Твоя или ничья Евгения».
Куфий замолчал и, сложа письмо, начал степенно ходить по комнате, закручивая усы. Я сидел в горестном безмолвии; Леонид рыдал горько. Какое мучение!
«И подлинно дело хлопотливое, — сказал Куфий, остановясь у стола и положа на нем роковое письмо, — я сам теперь почти в таком же положении, в каком и вы находитесь. Так! наконец я понимаю!» — «А что ты понимаешь?» спросили мы с торопливостью. Куфий, усевшись между мною и братом, говорил: «По окончании всех торжеств, бывших по случаю возвышения Никодимова, все депутаты разъехались.
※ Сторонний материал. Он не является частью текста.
(* Let $\lambda=(\lambda_1,\dots,\lambda_r)$ be a partition of $n$. Identify $\mathbb{C}[E_\lambda]$ with $\mathbb{C}[y_1,\dots,y_r]$, where $y_1$ is the common value of $x_i$ for $1\le i\le\lambda_1$, $y_2$ the common value of $x_i$ for $\lambda_1<i\le\lambda_1+\lambda_2$, etc. Then the pullback along the (surjective) composite map $E_\lambda\to X_\lambda\to X_\lambda/S_n$ identifies $\mathcal{O}(X_\lambda/S_n)$ with the subalgebra of $\mathbb{C}[y_1,\dots,y_r]$ generated by the Newton $\lambda$-sums $P_{i,\lambda}(y_1,\dots,y_r)=\lambda_1y_1^i+\cdots+\lambda_ry_r^i$, $i=1,2,\dots$
   Context: Work over $\mathbb{C}$. $E_\lambda\subset\mathbb{C}^n$ is the subspace defined by $x_1=\cdots=x_{\lambda_1}$, $x_{\lambda_1+1}=\cdots=x_{\lambda_1+\lambda_2}$, ..., $x_{n-\lambda_r+1}=\cdots=x_n$; $X_\lambda=S_n\cdot E_\lambda$ is the union of its $S_n$-translates, and $\mathcal{O}(X_\lambda/S_n)=\mathcal{O}(X_\lambda)^{S_n}$. *)

theory Defs
  imports Complex_Main "HOL-Combinatorics.Permutations"
begin

text \<open>Points of C^n are functions nat => complex; only coordinates 0..n-1 matter
  (the paper's x_1..x_n are our x 0 .. x (n-1)). Similarly points of C^r.\<close>

inductive_set poly_fun :: "nat \<Rightarrow> ((nat \<Rightarrow> complex) \<Rightarrow> complex) set" for n :: nat where
  pf_const: "(\<lambda>x. c) \<in> poly_fun n"
| pf_var: "i < n \<Longrightarrow> (\<lambda>x. x i) \<in> poly_fun n"
| pf_add: "f \<in> poly_fun n \<Longrightarrow> g \<in> poly_fun n \<Longrightarrow> (\<lambda>x. f x + g x) \<in> poly_fun n"
| pf_mult: "f \<in> poly_fun n \<Longrightarrow> g \<in> poly_fun n \<Longrightarrow> (\<lambda>x. f x * g x) \<in> poly_fun n"

definition is_partition :: "nat list \<Rightarrow> nat \<Rightarrow> bool" where
  "is_partition lam n \<longleftrightarrow> (\<forall>k\<in>set lam. 0 < k) \<and> sorted_wrt (\<ge>) lam \<and> sum_list lam = n"

definition blk :: "nat list \<Rightarrow> nat \<Rightarrow> nat" where
  "blk lam i = (LEAST j. i < sum_list (take (Suc j) lam))"

definition E_lam :: "nat \<Rightarrow> nat list \<Rightarrow> (nat \<Rightarrow> complex) set" where
  "E_lam n lam = {x. (\<forall>i\<ge>n. x i = 0) \<and>
     (\<forall>i<n. \<forall>j<n. blk lam i = blk lam j \<longrightarrow> x i = x j)}"

definition X_lam :: "nat \<Rightarrow> nat list \<Rightarrow> (nat \<Rightarrow> complex) set" where
  "X_lam n lam = {x \<circ> \<sigma> | x \<sigma>. x \<in> E_lam n lam \<and> \<sigma> permutes {..<n}}"

definition Sn_invariant_on :: "nat \<Rightarrow> (nat \<Rightarrow> complex) set \<Rightarrow> ((nat \<Rightarrow> complex) \<Rightarrow> complex) \<Rightarrow> bool" where
  "Sn_invariant_on n X f \<longleftrightarrow> (\<forall>\<sigma>. \<sigma> permutes {..<n} \<longrightarrow> (\<forall>x\<in>X. f (x \<circ> \<sigma>) = f x))"

definition emb :: "nat list \<Rightarrow> (nat \<Rightarrow> complex) \<Rightarrow> (nat \<Rightarrow> complex)" where
  "emb lam y = (\<lambda>i. if i < sum_list lam then y (blk lam i) else 0)"

definition newton_lam :: "nat list \<Rightarrow> nat \<Rightarrow> (nat \<Rightarrow> complex) \<Rightarrow> complex" where
  "newton_lam lam i y = (\<Sum>j<length lam. of_nat (lam ! j) * y j ^ i)"

inductive_set newton_alg :: "nat list \<Rightarrow> ((nat \<Rightarrow> complex) \<Rightarrow> complex) set" for lam :: "nat list" where
  na_const: "(\<lambda>y. c) \<in> newton_alg lam"
| na_gen: "1 \<le> i \<Longrightarrow> newton_lam lam i \<in> newton_alg lam"
| na_add: "f \<in> newton_alg lam \<Longrightarrow> g \<in> newton_alg lam \<Longrightarrow> (\<lambda>y. f y + g y) \<in> newton_alg lam"
| na_mult: "f \<in> newton_alg lam \<Longrightarrow> g \<in> newton_alg lam \<Longrightarrow> (\<lambda>y. f y * g y) \<in> newton_alg lam"

end

theory Submission imports Defs begin

text \<open>Every point of \<open>X_lam\<close> is an \<open>S_n\<close>-translate of a point of \<open>E_lam = emb lam ` C^r\<close>, so
  invariant functions on \<open>X_lam\<close> are determined by their pullbacks along \<open>emb lam\<close>. An invariant
  polynomial agrees on \<open>X_lam\<close> with its symmetrisation, which by the fundamental theorem on
  symmetric polynomials in characteristic 0 is a polynomial in the power sums
  \<open>x_1^i + \<dots> + x_n^i\<close>; and these pull back exactly to the Newton \<open>lam\<close>-sums.
  The symmetric-polynomial theorem is proved by induction on \<open>n\<close>: expand in powers of the last
  variable, symmetrise the coefficients over \<open>S_(n-1)\<close> and apply the induction hypothesis, then
  eliminate the last variable by averaging over the transpositions exchanging it with the others.\<close>

inductive_set gen_alg :: "('a \<Rightarrow> complex) set \<Rightarrow> ('a \<Rightarrow> complex) set" for G where
  gen_alg_const: "(\<lambda>x. c) \<in> gen_alg G"
| gen_alg_gen: "g \<in> G \<Longrightarrow> g \<in> gen_alg G"
| gen_alg_add: "f \<in> gen_alg G \<Longrightarrow> g \<in> gen_alg G \<Longrightarrow> (\<lambda>x. f x + g x) \<in> gen_alg G"
| gen_alg_mult: "f \<in> gen_alg G \<Longrightarrow> g \<in> gen_alg G \<Longrightarrow> (\<lambda>x. f x * g x) \<in> gen_alg G"

lemma gen_alg_comp:
  assumes "h \<in> gen_alg G" "\<And>g. g \<in> G \<Longrightarrow> (\<lambda>x. g (\<phi> x)) \<in> gen_alg H"
  shows "(\<lambda>x. h (\<phi> x)) \<in> gen_alg H"
  using assms(1) by induction (auto intro: gen_alg.intros assms(2))

lemma gen_alg_trans:
  assumes "h \<in> gen_alg G" "\<And>g. g \<in> G \<Longrightarrow> g \<in> gen_alg H"
  shows "h \<in> gen_alg H"
  using gen_alg_comp[of h G id H] assms by simp

lemma gen_alg_mono: "G \<subseteq> H \<Longrightarrow> h \<in> gen_alg G \<Longrightarrow> h \<in> gen_alg H"
  using gen_alg_trans[of h G H] by (auto intro: gen_alg_gen)

lemma gen_alg_scale: "h \<in> gen_alg G \<Longrightarrow> (\<lambda>x. c * h x) \<in> gen_alg G"
  by (rule gen_alg_mult[OF gen_alg_const])

lemma gen_alg_diff: "f \<in> gen_alg G \<Longrightarrow> g \<in> gen_alg G \<Longrightarrow> (\<lambda>x. f x - g x) \<in> gen_alg G"
  using gen_alg_add[OF _ gen_alg_scale[of g G "-1"], of f] by simp

lemma gen_alg_divide: "h \<in> gen_alg G \<Longrightarrow> (\<lambda>x. h x / c) \<in> gen_alg G"
  using gen_alg_scale[of h G "1/c"] by simp

lemma gen_alg_power: "h \<in> gen_alg G \<Longrightarrow> (\<lambda>x. h x ^ k) \<in> gen_alg G"
  by (induction k) (auto intro: gen_alg.intros)

lemma gen_alg_sum:
  "finite A \<Longrightarrow> (\<And>a. a \<in> A \<Longrightarrow> f a \<in> gen_alg G) \<Longrightarrow> (\<lambda>x. \<Sum>a\<in>A. f a x) \<in> gen_alg G"
  by (induction A rule: finite_induct) (auto intro: gen_alg.intros)

lemma gen_alg_invariant:
  assumes "h \<in> gen_alg G" "\<And>g x. g \<in> G \<Longrightarrow> g (\<phi> x) = g x"
  shows "h (\<phi> x) = h x"
  using assms(1) by induction (auto simp: assms(2))

definition polys_over :: "('a \<Rightarrow> complex) set \<Rightarrow> ('a \<Rightarrow> complex) \<Rightarrow> ('a \<Rightarrow> complex) set" where
  "polys_over Q v =
     {h. \<exists>D a. (\<forall>k. a k \<in> gen_alg Q) \<and> (\<forall>x. h x = (\<Sum>k\<le>D. a k x * v x ^ k))}"
lemma isolated_moment_ratio_le:
  fixes N b d :: real and j :: nat
  assumes N: "0 < N" and b: "0 < b" and d: "0 \<le> d" and Nd: "N * d \<le> b\<^sup>2"
  shows "N ^ (j + 2) * (real (j + 2) * N * b ^ (j + 1) + real (j + 2) * real (j + 1) * N * b * d ^ j) /
           (real (j + 2) * N * b ^ (j + 1))\<^sup>2 \<le> N ^ (j + 1) / (real (j + 2) * b ^ (j + 1)) + N / b"
proof -
  define J where "J = real (j + 2)"
  have J: "0 < J" unfolding J_def by simp
  have "((N * d) / b\<^sup>2) ^ j \<le> 1" using N b d Nd by (intro power_le_one) auto
  then have "(N / b) * ((N * d) / b\<^sup>2) ^ j \<le> N / b" using N b by (intro mult_left_le) auto
  moreover have "real (j + 1) / J \<le> 1" "0 \<le> (N / b) * ((N * d) / b\<^sup>2) ^ j"
    using N b d unfolding J_def by auto
  ultimately have "real (j + 1) / J * ((N / b) * ((N * d) / b\<^sup>2) ^ j) \<le> N / b"
    by (meson mult_left_le_one_le of_nat_0_le_iff divide_nonneg_nonneg order_trans J less_imp_le)
  moreover have "N ^ (j + 2) * (J * N * b ^ (j + 1) + J * real (j + 1) * N * b * d ^ j) / (J * N * b ^ (j + 1))\<^sup>2 =
      N ^ (j + 1) / (J * b ^ (j + 1)) + real (j + 1) / J * ((N / b) * ((N * d) / b\<^sup>2) ^ j)"
    using N b J by (simp add: field_simps power2_eq_square power_mult_distrib power_add)
  ultimately show ?thesis unfolding J_def by linarith
qed
(* Let $R$ be an associative ring with identity and involution $*$, and let $a\in R^{\#}\cap R^{\dagger}$. Write $x=a(a^{\#})^*a^{\dagger}$ and $b=a^{\dagger}a^2$. Then the following are equivalent: (1) $a\in R^{SEP}$; (2) $x-b$ is a right $(-b)$-idempotent; (3) $x-b$ is a left $(-b)$-idempotent; (4) $b-x$ is a right $(-x)$-idempotent; (5) $b-x$ is a left $(-x)$-idempotent.
   Context: An involution on $R$ is a map $x\mapsto x^*$ with $(x^* )^*=x$, $(x+y)^*=x^*+y^*$, $(xy)^*=y^*x^*$. An element $a$ is Moore–Penrose invertible if there is $b$ with $aba=a$, $bab=b$, $(ab)^*=ab$, $(ba)^*=ba$; such $b$ is unique, denoted $a^{\dagger}$, and $R^{\dagger}$ is the set of such $a$. An element $a$ is group invertible if there is $b$ with $aba=a$, $bab=b$, $ab=ba$; such $b$ is unique, denoted $a^{\#}$, and $R^{\#}$ is the set of such $a$. For $a\in R^{\#}\cap R^{\dagger}$, $a$ is SEP if $a^*=a^{\dagger}=a^{\#}$; $R^{SEP}$ denotes the set of SEP elements. For $e,c\in R$, $e$ is a left $c$-idempotent if $e^2=ce$, and a right $c$-idempotent if $e^2=ec$. *)

theory Defs
  imports Main
begin

definition involution :: "('a::ring_1 \<Rightarrow> 'a) \<Rightarrow> bool" where
  "involution s \<longleftrightarrow> (\<forall>x. s (s x) = x) \<and> (\<forall>x y. s (x + y) = s x + s y)
     \<and> (\<forall>x y. s (x * y) = s y * s x)"

definition is_mp_inverse :: "('a::ring_1 \<Rightarrow> 'a) \<Rightarrow> 'a \<Rightarrow> 'a \<Rightarrow> bool" where
  "is_mp_inverse s a b \<longleftrightarrow> a * b * a = a \<and> b * a * b = b \<and> s (a * b) = a * b \<and> s (b * a) = b * a"

definition mp_invertible :: "('a::ring_1 \<Rightarrow> 'a) \<Rightarrow> 'a \<Rightarrow> bool" where
  "mp_invertible s a \<longleftrightarrow> (\<exists>b. is_mp_inverse s a b)"

definition mp_inv :: "('a::ring_1 \<Rightarrow> 'a) \<Rightarrow> 'a \<Rightarrow> 'a" where
  "mp_inv s a = (THE b. is_mp_inverse s a b)"

definition is_group_inverse :: "'a::ring_1 \<Rightarrow> 'a \<Rightarrow> bool" where
  "is_group_inverse a b \<longleftrightarrow> a * b * a = a \<and> b * a * b = b \<and> a * b = b * a"

definition group_invertible :: "'a::ring_1 \<Rightarrow> bool" where
  "group_invertible a \<longleftrightarrow> (\<exists>b. is_group_inverse a b)"

definition group_inv :: "'a::ring_1 \<Rightarrow> 'a" where
  "group_inv a = (THE b. is_group_inverse a b)"

definition SEP :: "('a::ring_1 \<Rightarrow> 'a) \<Rightarrow> 'a \<Rightarrow> bool" where
  "SEP s a \<longleftrightarrow> group_invertible a \<and> mp_invertible s a \<and>
     s a = mp_inv s a \<and> mp_inv s a = group_inv a"

definition left_c_idempotent :: "'a::ring_1 \<Rightarrow> 'a \<Rightarrow> bool" where
  "left_c_idempotent c e \<longleftrightarrow> e * e = c * e"

definition right_c_idempotent :: "'a::ring_1 \<Rightarrow> 'a \<Rightarrow> bool" where
  "right_c_idempotent c e \<longleftrightarrow> e * e = e * c"

end

theory Submission
  imports Defs
begin

(* Write a^+ for the Moore-Penrose inverse and a^# for the group inverse. If a is SEP, then
   x = b = a and all four conditions hold trivially. Each c-idempotency condition expands to
   one of x^2 = bx, x^2 = xb, b^2 = xb, b^2 = bx. Conversely, x is a unit of the corner ring
   pRp, p = a a^+, with inverse a a^* a^+; cancelling it where needed turns each equation
   into p a^+ a^3 = a^+ a^3 or a^3 a^+ = a^2. Either one makes the spectral idempotent a^# a
   Hermitian, so a^# is also a Moore-Penrose inverse and a^+ = a^#. Then b = a, and a short
   cancellation reduces the equation to (a^#)^* = a, i.e. a^* = a^#. *)

lemma mult_eq_extend_right:
  fixes x y z :: "'a::semigroup_mult"
  shows "x * y = z \<Longrightarrow> x * (y * w) = z * w"
  by (simp add: mult.assoc[symmetric])

lemma right_c_idempotent_neg_diff_iff:
  fixes e c :: "'a::ring_1"
  shows "right_c_idempotent (- c) (e - c) \<longleftrightarrow> e * e = c * e"
  unfolding right_c_idempotent_def by (simp add: algebra_simps)

lemma left_c_idempotent_neg_diff_iff:
  fixes e c :: "'a::ring_1"
  shows "left_c_idempotent (- c) (e - c) \<longleftrightarrow> e * e = e * c"
  unfolding left_c_idempotent_def by (simp add: algebra_simps)

lemma is_mp_inverse_unique:
  assumes "involution s" "is_mp_inverse s a b" "is_mp_inverse s a c"
  shows "b = c"
proof -
  have s_mult: "\<And>x y. s (x * y) = s y * s x"
    using assms(1) unfolding involution_def by blast
  have b: "a * b * a = a" "b * a * b = b" "s (a * b) = a * b" "s (b * a) = b * a"
    and c: "a * c * a = a" "c * a * c = c" "s (a * c) = a * c" "s (c * a) = c * a"
    using assms(2,3) unfolding is_mp_inverse_def by auto
  have "a * c = s ((a * b) * (a * c))"
    using b(1) c(3) by (simp add: mult.assoc[symmetric])
  also have "\<dots> = a * c * (a * b)"
    using b(3) c(3) s_mult by simp
  finally have ac: "a * c = a * b"
    using c(1) by (simp add: mult.assoc[symmetric])
  have "c * a = s ((c * a) * (b * a))"
    using b(1) c(4) by (simp add: mult.assoc)
  also have "\<dots> = b * a * (c * a)"
    using b(4) c(4) s_mult by simp
  finally have ca: "c * a = b * a"
    using c(1) by (simp add: mult.assoc)
  have "b = b * a * c"
    using b(2) ac by (metis mult.assoc)
  also have "\<dots> = c"
    using c(2) ca by simp
  finally show ?thesis .
qed

lemma mp_inv_eq:
  assumes "involution s" "is_mp_inverse s a b"
  shows "mp_inv s a = b"
  unfolding mp_inv_def using assms is_mp_inverse_unique by blast

lemma is_group_inverse_unique:
  assumes "is_group_inverse a b" "is_group_inverse a c"
  shows "b = c"
  using assms unfolding is_group_inverse_def by (metis mult.assoc)

lemma group_inv_eq:
  assumes "is_group_inverse a b"
  shows "group_inv a = b"
  unfolding group_inv_def using assms is_group_inverse_unique by blast

lemma SEP_iff:
  assumes "involution s" "is_mp_inverse s a m" "is_group_inverse a g"
  shows "SEP s a \<longleftrightarrow> s a = m \<and> m = g"
  using assms mp_inv_eq group_inv_eq
  unfolding SEP_def mp_invertible_def group_invertible_def by metis

locale group_inverse_star =
  fixes s :: "'a::ring_1 \<Rightarrow> 'a" and a g :: 'a
  assumes involution: "involution s"
    and group_inverse: "is_group_inverse a g"
begin

lemma s_s [simp]: "s (s x) = x"
  and s_mult [simp]: "s (x * y) = s y * s x"
  using involution unfolding involution_def by blast+

lemma a_g_commute: "a * g = g * a"
  and g_a_a: "g * a * a = a"
  and g_a_g: "g * a * g = g"
  using group_inverse unfolding is_group_inverse_def by (metis mult.assoc)+

lemma star_a_g_commute: "s g * s a = s a * s g"
  and star_a_a_g: "s a * s a * s g = s a"
  and star_a_g_g: "s a * s g * s g = s g"
  using arg_cong[OF a_g_commute, of s] arg_cong[OF g_a_a, of s] arg_cong[OF g_a_g, of s]
  by (simp_all add: mult.assoc)

(* Simp keeps products right-associated (mult.assoc), so every law in the *_laws lists is
   also used with an arbitrary right factor (mult_eq_extend_right) in order to fire inside longer products. *)
lemmas group_laws = a_g_commute g_a_a star_a_g_commute

lemmas group_absorb [simp] =
  group_laws[simplified mult.assoc] group_laws[THEN mult_eq_extend_right, simplified mult.assoc]

end

locale ep_element = group_inverse_star +
  assumes group_idempotent_hermitian: "s (g * a) = g * a"
begin

lemma star_a_star_g: "s a * s g = g * a"
  using group_idempotent_hermitian by simp

lemma g_a_star_g: "g * a * s g = s g"
  and star_g_g_a: "s g * g * a = s g"
  using star_a_star_g star_a_g_g star_a_g_commute by (metis mult.assoc)+

lemmas ep_laws = star_a_star_g g_a_star_g star_g_g_a

lemmas ep_absorb [simp] =
  ep_laws[simplified mult.assoc] ep_laws[THEN mult_eq_extend_right, simplified mult.assoc]

end

locale mp_and_group_inverse = group_inverse_star +
  fixes m
  assumes mp_inverse: "is_mp_inverse s a m"
begin

lemma a_m_a: "a * m * a = a"
  and m_a_m: "m * a * m = m"
  and a_m_hermitian: "s m * s a = a * m"
  and m_a_hermitian: "s a * s m = m * a"
  using mp_inverse unfolding is_mp_inverse_def by auto

lemma star_a_a_m: "s a * a * m = s a"
  using arg_cong[OF a_m_a, of s] a_m_hermitian by (simp add: mult.assoc)

lemma m_a_star_a: "m * a * s a = s a"
  using arg_cong[OF a_m_a, of s] m_a_hermitian by (simp add: mult.assoc[symmetric])

lemma m_a_star_g: "m * a * s g = s g"
  using m_a_star_a star_a_g_g by (metis mult.assoc)

lemma star_g_a_m: "s g * a * m = s g"
proof -
  have "s g * s g * s a = s g"
    using star_a_g_commute star_a_g_g by (metis mult.assoc)
  then show ?thesis
    using star_a_a_m by (metis mult.assoc)
qed

lemma star_a_star_g_m: "s a * s g * m = m"
proof -
  have "s a * s g * s a = s a"
    using star_a_g_commute star_a_a_g by (metis mult.assoc)
  then show ?thesis
    using m_a_m m_a_hermitian by (metis mult.assoc)
qed

lemmas mp_laws = a_m_a m_a_m m_a_star_a m_a_star_g star_g_a_m star_a_star_g_m

lemmas mp_absorb [simp] =
  mp_laws[simplified mult.assoc] mp_laws[THEN mult_eq_extend_right, simplified mult.assoc]

lemma mp_eq_group_inverse_if_hermitian:
  assumes "s (g * a) = g * a"
  shows "m = g"
proof -
  have "is_mp_inverse s a g"
    using assms group_inverse unfolding is_mp_inverse_def is_group_inverse_def by metis
  then show ?thesis
    using is_mp_inverse_unique involution mp_inverse by blast
qed

lemma ep_element_if_mp_eq_group_inverse:
  assumes "m = g"
  shows "ep_element s a g"
  using assms m_a_hermitian by unfold_locales simp

lemma mp_eq_group_inverse_if_range:
  assumes "a * m * m = m"
  shows "m = g"
proof -
  have "g * a * m = m"
    using assms g_a_a by (metis mult.assoc)
  then have "m * a = g * a"
    using a_m_a by (metis mult.assoc)
  then have "s (g * a) = g * a"
    by (metis m_a_hermitian s_mult)
  then show ?thesis
    by (rule mp_eq_group_inverse_if_hermitian)
qed

lemma mp_eq_group_inverse_if_square:
  assumes "a * a * m = a"
  shows "m = g"
proof -
  have "g * a = a * m"
    using assms g_a_a by (metis mult.assoc)
  then have "s (g * a) = g * a"
    by (metis a_m_hermitian s_mult)
  then show ?thesis
    by (rule mp_eq_group_inverse_if_hermitian)
qed

lemma mp_eq_group_inverse_if_range_cube:
  assumes "a * m * (m * a * a * a) = m * a * a * a"
  shows "m = g"
proof -
  have "a * m * (m * a * a * a) * (g * g * m) = m * a * a * a * (g * g * m)"
    using assms by simp
  then have "a * m * m = m"
    by (simp add: mult.assoc)
  then show ?thesis
    by (rule mp_eq_group_inverse_if_range)
qed

lemma mp_eq_group_inverse_if_square_cube:
  assumes "a * a * a * m = a * a"
  shows "m = g"
proof -
  have "g * (a * a * a * m) = g * (a * a)"
    using assms by simp
  then have "a * a * m = a"
    by (simp add: mult.assoc)
  then show ?thesis
    by (rule mp_eq_group_inverse_if_square)
qed

end

locale sep_criterion = mp_and_group_inverse +
  fixes x b
  assumes x_def: "x = a * s g * m"
    and b_def: "b = m * a * a"
begin

lemma x_absorb: "a * m * x = x" "x * (a * m) = x"
  by (simp_all add: x_def mult.assoc)

lemma x_corner_inverse: "x * (a * s a * m) = a * m" "a * s a * m * x = a * m"
  by (simp_all add: x_def mult.assoc)

lemma conditions_if_sep:
  assumes "s a = m" "m = g"
  shows "x * x = b * x" "x * x = x * b" "b * b = x * b" "b * b = b * x"
proof -
  have "s g = a"
    using assms by (metis s_s)
  then have "x = a" "b = a"
    using assms by (simp_all add: x_def b_def mult.assoc)
  then show "x * x = b * x" "x * x = x * b" "b * b = x * b" "b * b = b * x"
    by simp_all
qed

lemma sep_if_x_sq_eq_b_x:
  assumes h: "x * x = b * x"
  shows "s a = m \<and> m = g"
proof -
  have "a * m * (m * a * a * a) = a * m * b * (x * (a * s a * m)) * a"
    unfolding x_corner_inverse by (simp add: b_def mult.assoc)
  also have "\<dots> = b * (x * (a * s a * m)) * a"
    using h x_absorb by (metis mult.assoc)
  also have "\<dots> = m * a * a * a"
    unfolding x_corner_inverse by (simp add: b_def mult.assoc)
  finally have ep: "m = g"
    by (rule mp_eq_group_inverse_if_range_cube)
  then interpret ep_element s a g
    by (rule ep_element_if_mp_eq_group_inverse)
  have "g * (x * x) * (a * s a) = g * (b * x) * (a * s a)"
    using h by simp
  then have "s g = a"
    using ep by (simp add: x_def b_def mult.assoc)
  then show ?thesis
    using ep by auto
qed

lemma sep_if_x_sq_eq_x_b:
  assumes h: "x * x = x * b"
  shows "s a = m \<and> m = g"
proof -
  have "a * a * a * m = a * s a * s g * (a * s a * m * x) * b * (a * m)"
    unfolding x_corner_inverse by (simp add: b_def mult.assoc)
  also have "\<dots> = a * s a * s g * (a * s a * m * x) * b"
    using h x_absorb by (metis mult.assoc)
  also have "\<dots> = a * a"
    unfolding x_corner_inverse by (simp add: b_def mult.assoc)
  finally have ep: "m = g"
    by (rule mp_eq_group_inverse_if_square_cube)
  then interpret ep_element s a g
    by (rule ep_element_if_mp_eq_group_inverse)
  have "s a * g * (x * x) * a = s a * g * (x * b) * a"
    using h by simp
  then have "s g = a"
    using ep by (simp add: x_def b_def mult.assoc)
  then show ?thesis
    using ep by auto
qed

lemma sep_if_b_sq_eq_x_b:
  assumes h: "b * b = x * b"
  shows "s a = m \<and> m = g"
proof -
  have "a * m * (m * a * a * a) = a * m * (b * b)"
    by (simp add: b_def mult.assoc)
  also have "\<dots> = b * b"
    using h x_absorb by (metis mult.assoc)
  also have "\<dots> = m * a * a * a"
    by (simp add: b_def mult.assoc)
  finally have ep: "m = g"
    by (rule mp_eq_group_inverse_if_range_cube)
  then interpret ep_element s a g
    by (rule ep_element_if_mp_eq_group_inverse)
  have "g * (b * b) = g * (x * b)"
    using h by simp
  then have "s g = a"
    using ep by (simp add: x_def b_def mult.assoc)
  then show ?thesis
    using ep by auto
qed

lemma sep_if_b_sq_eq_b_x:
  assumes h: "b * b = b * x"
  shows "s a = m \<and> m = g"
proof -
  have "a * a * a * m = g * a * (b * b * (a * m))"
    by (simp add: b_def mult.assoc)
  also have "\<dots> = g * a * (b * b)"
    using h x_absorb by (metis mult.assoc)
  also have "\<dots> = a * a"
    by (simp add: b_def mult.assoc)
  finally have ep: "m = g"
    by (rule mp_eq_group_inverse_if_square_cube)
  then interpret ep_element s a g
    by (rule ep_element_if_mp_eq_group_inverse)
  have "g * (g * (b * b) * a) = g * (g * (b * x) * a)"
    using h by simp
  then have "s g = a"
    using ep by (simp add: x_def b_def mult.assoc)
  then show ?thesis
    using ep by auto
qed

end

theorem theorem3p4:
  fixes s :: "'a::ring_1 \<Rightarrow> 'a" and a :: 'a
  assumes "involution s"
    and "group_invertible a" and "mp_invertible s a"
  defines "x \<equiv> a * s (group_inv a) * mp_inv s a"
    and "b \<equiv> mp_inv s a * a ^ 2"
  shows "(SEP s a \<longleftrightarrow> right_c_idempotent (- b) (x - b))
       \<and> (SEP s a \<longleftrightarrow> left_c_idempotent (- b) (x - b))
       \<and> (SEP s a \<longleftrightarrow> right_c_idempotent (- x) (b - x))
       \<and> (SEP s a \<longleftrightarrow> left_c_idempotent (- x) (b - x))"
proof -
  obtain m where m: "is_mp_inverse s a m"
    using assms(3) unfolding mp_invertible_def by blast
  obtain g where g: "is_group_inverse a g"
    using assms(2) unfolding group_invertible_def by blast
  have "x = a * s g * m" "b = m * a * a"
    unfolding x_def b_def mp_inv_eq[OF assms(1) m] group_inv_eq[OF g]
    by (simp_all add: power2_eq_square mult.assoc)
  then interpret sep_criterion s a g m x b
    using assms(1) m g by unfold_locales
  have "SEP s a \<longleftrightarrow> s a = m \<and> m = g"
    using SEP_iff assms(1) m g by blast
  then show ?thesis
    unfolding right_c_idempotent_neg_diff_iff left_c_idempotent_neg_diff_iff
    using sep_if_x_sq_eq_b_x sep_if_x_sq_eq_x_b sep_if_b_sq_eq_x_b sep_if_b_sq_eq_b_x
      conditions_if_sep
    by blast
qed

end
Московский и варшавский как в воду упали, и не было об них никакого слуха; один виленский щеголеватый князь Станислав из каждого города и городишка присылал к Никодиму нарочного гонца, а по прибытии в Вильну каждую неделю двух. Но это не все. Недели за две перед пасхою начали убирать все левое крыло дворца великолепным образом. „На что это?“ — спросил я однажды у Никодима. „По происшествии светлого праздника, — отвечал он, — я переведу туда Евгению со всем штатом ее, который еще увеличу сообразно с ее достоинством!“ Тогда я смеялся такой суетности; но теперь вижу, что он хитрее, чем я думал!»
Леонид покрылся бледностию, закрыл глаза руками и, облокотясь на стол, оставался безгласен. Я почел за лучшее оставить его в сем положении, отвел Куфия в сторону и сказал: «Кажется, теперь сомневаться нечего!» — «И я тех же мыслей», — отвечал он. «Что-нибудь, а делать надобно, — продолжал я, — после Леонида мне лучше всех известен нрав Евгении: она, точно, устоит в своем слове и погибнет, а погибель ее, без всякого сомнения, погубит несчастного моего брата. Куфий! постараемся спасти обоих!» — «Но как же, скажи, пожалуй?» — спросил он пошептом. «Стыдись, учитель на все выдумки! — отвечал я, — довольно с тебя, если я во всем готов последовать твоим советам, один я с двумя казаками, преданными мне совершенно и достойными быть в числе лучших учеников твоих. Ты сам видишь, что бедный Леонид подобится теперь младенцу, которого на помочах водить надобно. Окажем ему эту дружбу; иначе он, решившись бегать сам собою, в прах разобьется». — «Хорошо! — сказал Куфий, — завтра под вечер я опять украдусь из дворца, и что до того времени удастся мне выдумать путного, скажу и тебе». С сими словами мы расстались. Леонид походил на помешанного, но я утешил его клятвою, что решился или потерять голову, или соединить его с любезною, в чем и Куфий обязался способствовать.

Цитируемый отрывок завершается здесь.